▶ _Exercise description_
Please tally the lines below that contain the word "subseteq" and reply with the total alone.

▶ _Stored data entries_
------------------------------------------------

lemma fractionally_below_cone_support:
  assumes E1: "simple_graph E1" and E2: "simple_graph E2"
    and "fractionally_below (\<lambda>v. real (degree E1 v)) (\<lambda>v. real (degree E2 v))"
  obtains \<sigma> where "bij \<sigma>" "(`) \<sigma> ` cone_support E1 \<subseteq> cone_support E2"
proof -
  obtain \<sigma> where \<sigma>: "bij \<sigma>"
    "\<forall>y\<in>degree_polytope (\<lambda>v. real (degree E1 v)).
       \<exists>y'\<in>degree_polytope (\<lambda>v. real (degree E2 v)). (`) \<sigma> ` fractional_pairs y \<subseteq> fractional_pairs y'"
    using assms(3) unfolding fractionally_below_def by (elim exE conjE)
  obtain y where y: "y \<in> degree_polytope (\<lambda>v. real (degree E1 v))" "cone_support E1 \<subseteq> fractional_pairs y"
    by (rule exists_degree_polytope_fractional_on_support[OF E1])
  obtain y' where y': "y' \<in> degree_polytope (\<lambda>v. real (degree E2 v))"
    "(`) \<sigma> ` fractional_pairs y \<subseteq> fractional_pairs y'"
    using bspec[OF \<sigma>(2) y(1)] by (elim bexE)
  have "(`) \<sigma> ` cone_support E1 \<subseteq> fractional_pairs y'"
    using image_mono[OF y(2)] y'(2) by (rule order_trans)
  also have "\<dots> \<subseteq> cone_support E2"
    by (rule fractional_pairs_subset_cone_support[OF E2 y'(1)])
  finally show thesis using \<sigma>(1) by (intro that)
qed

definition seq_majorizes :: "nat \<Rightarrow> (nat \<Rightarrow> real) \<Rightarrow> (nat \<Rightarrow> real) \<Rightarrow> bool" where
  "seq_majorizes n a b \<longleftrightarrow>
     (\<forall>m\<le>n. (\<Sum>i<m. b i) \<le> (\<Sum>i<m. a i)) \<and> (\<Sum>i<n. a i) = (\<Sum>i<n. b i)"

------------------------------------------------

▶ _Reply to the exercise_
6